■ THE PROBLEM ■
From the data that follows, copy every line with the string "columns".

■ RECORDS SHOWN ■
Segment Open

lemma sums_lower_triangle_nonneg:
  fixes a :: "nat \<Rightarrow> nat \<Rightarrow> real"
  assumes nonneg: "\<And>y n. 0 \<le> a y n" and upper_0: "\<And>y n. n < y \<Longrightarrow> a y n = 0"
    and rows: "\<And>y. a y sums S y" and "summable S"
  shows "(\<lambda>n. \<Sum>y\<le>n. a y n) sums (\<Sum>y. S y)"
proof -
  have columns: "(\<lambda>y. a y n) sums (\<Sum>y\<le>n. a y n)" for n
    using upper_0 by (intro sums_finite) auto
  have S_nonneg: "0 \<le> S y" for y
    using rows[of y] nonneg by (metis sums_iff suminf_nonneg)
  have "(\<Sum>n. ennreal (\<Sum>y\<le>n. a y n)) = (\<Sum>n. \<Sum>y. ennreal (a y n))"
    by (intro suminf_cong) (rule suminf_ennreal_eq[OF nonneg columns, symmetric])
  also have "\<dots> = (\<Sum>y. \<Sum>n. ennreal (a y n))"
    using nn_integral_suminf[of "\<lambda>y n. ennreal (a y n)" "count_space UNIV"]
    by (simp add: nn_integral_count_space_nat)
  also have "\<dots> = (\<Sum>y. ennreal (S y))"
    by (intro suminf_cong) (rule suminf_ennreal_eq[OF nonneg rows])
  also have "\<dots> = ennreal (\<Sum>y. S y)"
    using S_nonneg \<open>summable S\<close> by (simp add: suminf_ennreal2)
  finally have "(\<lambda>n. ennreal (\<Sum>y\<le>n. a y n)) sums ennreal (\<Sum>y. S y)"
    by (metis summableI summable_sums)
  then show ?thesis
    using nonneg S_nonneg \<open>summable S\<close>
    by (subst (asm) sums_ennreal) (auto intro!: sum_nonneg suminf_nonneg)
qed

definition passage_from :: "(nat \<Rightarrow> real) \<Rightarrow> (nat \<Rightarrow> real) \<Rightarrow> nat \<Rightarrow> real" where
  "passage_from p q n = (\<Sum>y\<le>n. q y * first_passage p y n)"

lemma first_passage_1_Suc: "first_passage p 1 (Suc n) = passage_from p p n"
  by (simp add: passage_from_def)

locale subcritical_arrivals =
  fixes p :: "nat \<Rightarrow> real" and r \<rho> :: real
  assumes nonneg: "\<And>y. 0 \<le> p y" and sums_1: "p sums 1" and r_ge_1: "1 \<le> r"
    and exp_moment: "(\<lambda>y. p y * r ^ y) sums (r * \<rho>)" and \<rho>_less_1: "\<rho> < 1"
begin

lemma first_passage_nonneg': "0 \<le> first_passage p m n"
  by (rule first_passage_nonneg[OF nonneg])

lemma \<rho>_nonneg: "0 \<le> \<rho>"
  using one_le_exp_moment[OF nonneg sums_1 r_ge_1 exp_moment] r_ge_1 zero_le_mult_iff[of r \<rho>]
  by auto

lemma first_passage_sums_1: "(\<lambda>n. first_passage p m n) sums 1"
  unfolding sums_def_le passage_within_def[symmetric]
proof (rule real_tendsto_sandwich)
  show "\<forall>\<^sub>F N in sequentially. 1 - r ^ m * \<rho> ^ N \<le> passage_within p m N"
    using one_minus_passage_within_le[OF nonneg sums_1 r_ge_1 exp_moment] by (auto simp: algebra_simps)
  show "\<forall>\<^sub>F N in sequentially. passage_within p m N \<le> 1"
    using passage_within_le_1[OF nonneg sums_1] by auto
  have "(\<lambda>N. 1 - r ^ m * \<rho> ^ N) \<longlonglongrightarrow> 1 - r ^ m * 0"
    using \<rho>_nonneg \<rho>_less_1 by (intro tendsto_intros) auto
  then show "(\<lambda>N. 1 - r ^ m * \<rho> ^ N) \<longlonglongrightarrow> 1" by simp
qed simp

lemma first_passage_Suc_le: "first_passage p m (Suc N) \<le> r ^ m * \<rho> ^ N"
proof -
  have "passage_within p m (Suc N) = passage_within p m N + first_passage p m (Suc N)"
    by (simp add: passage_within_def)
  with passage_within_le_1[OF nonneg sums_1, of m "Suc N"]
    one_minus_passage_within_le[OF nonneg sums_1 r_ge_1 exp_moment, of m N]
  show ?thesis by linarith
qed

lemma summable_power2_first_passage: "summable (\<lambda>n. real n ^ 2 * first_passage p m n)"
proof -
  have "summable (\<lambda>n. r ^ m * ((real n + 1) ^ 2 * \<rho> ^ n))"
    by (intro summable_mult summable_Suc_power2_mult_geometric \<rho>_nonneg \<rho>_less_1)
  then have "summable (\<lambda>n. real (Suc n) ^ 2 * first_passage p m (Suc n))"
  proof (rule summable_comparison_test[rotated], intro exI allI impI)
    fix n :: nat
    have "real (Suc n) ^ 2 * first_passage p m (Suc n) \<le> real (Suc n) ^ 2 * (r ^ m * \<rho> ^ n)"
      by (intro mult_left_mono first_passage_Suc_le) auto
    then show "norm (real (Suc n) ^ 2 * first_passage p m (Suc n)) \<le> r ^ m * ((real n + 1) ^ 2 * \<rho> ^ n)"
      using first_passage_nonneg' by (simp add: ac_simps)
  qed
  then show ?thesis by (subst (asm) summable_Suc_iff)
qed

lemma summable_mult_first_passage: "summable (\<lambda>n. real n * first_passage p m n)"
proof (rule summable_comparison_test[OF _ summable_power2_first_passage], intro exI allI impI)
  fix n :: nat
  have "real n \<le> real n ^ 2" by (cases n) (auto simp: power2_eq_square)
  then show "norm (real n * first_passage p m n) \<le> real n ^ 2 * first_passage p m n"
    using first_passage_nonneg' by (simp add: mult_right_mono)
qed

definition passage_mean :: real where
  "passage_mean = (\<Sum>n. real n * first_passage p 1 n)"

definition passage_moment2 :: real where
  "passage_moment2 = (\<Sum>n. real n ^ 2 * first_passage p 1 n)"

lemma sums_mult_first_passage_add:
  "(\<lambda>n. real n * first_passage p (a + b) n) sums
     ((\<Sum>n. real n * first_passage p a n) + (\<Sum>n. real n * first_passage p b n))"
proof -
  let ?F = "first_passage p"
  have abs_summable: "summable (\<lambda>n. norm (real n * ?F c n))" "summable (\<lambda>n. norm (?F c n))" for c
    using summable_mult_first_passage first_passage_sums_1 first_passage_nonneg'
    by (auto simp: sums_iff)
  have "(\<lambda>n. (\<Sum>i\<le>n. (real i * ?F a i) * ?F b (n - i)) + (\<Sum>i\<le>n. ?F a i * (real (n - i) * ?F b (n - i))))
     sums ((\<Sum>n. real n * ?F a n) * (\<Sum>n. ?F b n) + (\<Sum>n. ?F a n) * (\<Sum>n. real n * ?F b n))"
    by (intro sums_add Cauchy_product_sums abs_summable)
  also have "(\<lambda>n. (\<Sum>i\<le>n. (real i * ?F a i) * ?F b (n - i)) + (\<Sum>i\<le>n. ?F a i * (real (n - i) * ?F b (n - i))))
      = (\<lambda>n. real n * ?F (a + b) n)"
    unfolding first_passage_add sum_distrib_left sum.distrib[symmetric]
    by (intro ext sum.cong refl) (auto simp: of_nat_diff algebra_simps)
  finally show ?thesis using first_passage_sums_1 by (simp add: sums_iff)
qed

lemma sums_power2_first_passage_add:
  "(\<lambda>n. real n ^ 2 * first_passage p (a + b) n) sums
     ((\<Sum>n. real n ^ 2 * first_passage p a n)
       + 2 * (\<Sum>n. real n * first_passage p a n) * (\<Sum>n. real n * first_passage p b n)
       + (\<Sum>n. real n ^ 2 * first_passage p b n))"
proof -
  let ?F = "first_passage p"
  have abs_summable: "summable (\<lambda>n. norm (real n ^ 2 * ?F c n))"
    "summable (\<lambda>n. norm (real n * ?F c n))" "summable (\<lambda>n. norm (?F c n))" for c
    using summable_power2_first_passage summable_mult_first_passage first_passage_sums_1
      first_passage_nonneg'
    by (auto simp: sums_iff)
  have "(\<lambda>n. (\<Sum>i\<le>n. (real i ^ 2 * ?F a i) * ?F b (n - i))
          + 2 * (\<Sum>i\<le>n. (real i * ?F a i) * (real (n - i) * ?F b (n - i)))
          + (\<Sum>i\<le>n. ?F a i * (real (n - i) ^ 2 * ?F b (n - i))))
     sums ((\<Sum>n. real n ^ 2 * ?F a n) * (\<Sum>n. ?F b n)
           + 2 * ((\<Sum>n. real n * ?F a n) * (\<Sum>n. real n * ?F b n))
           + (\<Sum>n. ?F a n) * (\<Sum>n. real n ^ 2 * ?F b n))"
    by (intro sums_add sums_mult Cauchy_product_sums abs_summable)
  also have "(\<lambda>n. (\<Sum>i\<le>n. (real i ^ 2 * ?F a i) * ?F b (n - i))
          + 2 * (\<Sum>i\<le>n. (real i * ?F a i) * (real (n - i) * ?F b (n - i)))
          + (\<Sum>i\<le>n. ?F a i * (real (n - i) ^ 2 * ?F b (n - i))))
      = (\<lambda>n. real n ^ 2 * ?F (a + b) n)"
    unfolding first_passage_add sum_distrib_left sum.distrib[symmetric]
    by (intro ext sum.cong refl) (auto simp: of_nat_diff power2_eq_square algebra_simps)
  finally show ?thesis using first_passage_sums_1 by (simp add: sums_iff)
qed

Segment Closed

■ ANSWER FOR THIS EXERCISE ■
  have columns: "(\<lambda>y. a y n) sums (\<Sum>y\<le>n. a y n)" for n
    by (intro suminf_cong) (rule suminf_ennreal_eq[OF nonneg columns, symmetric])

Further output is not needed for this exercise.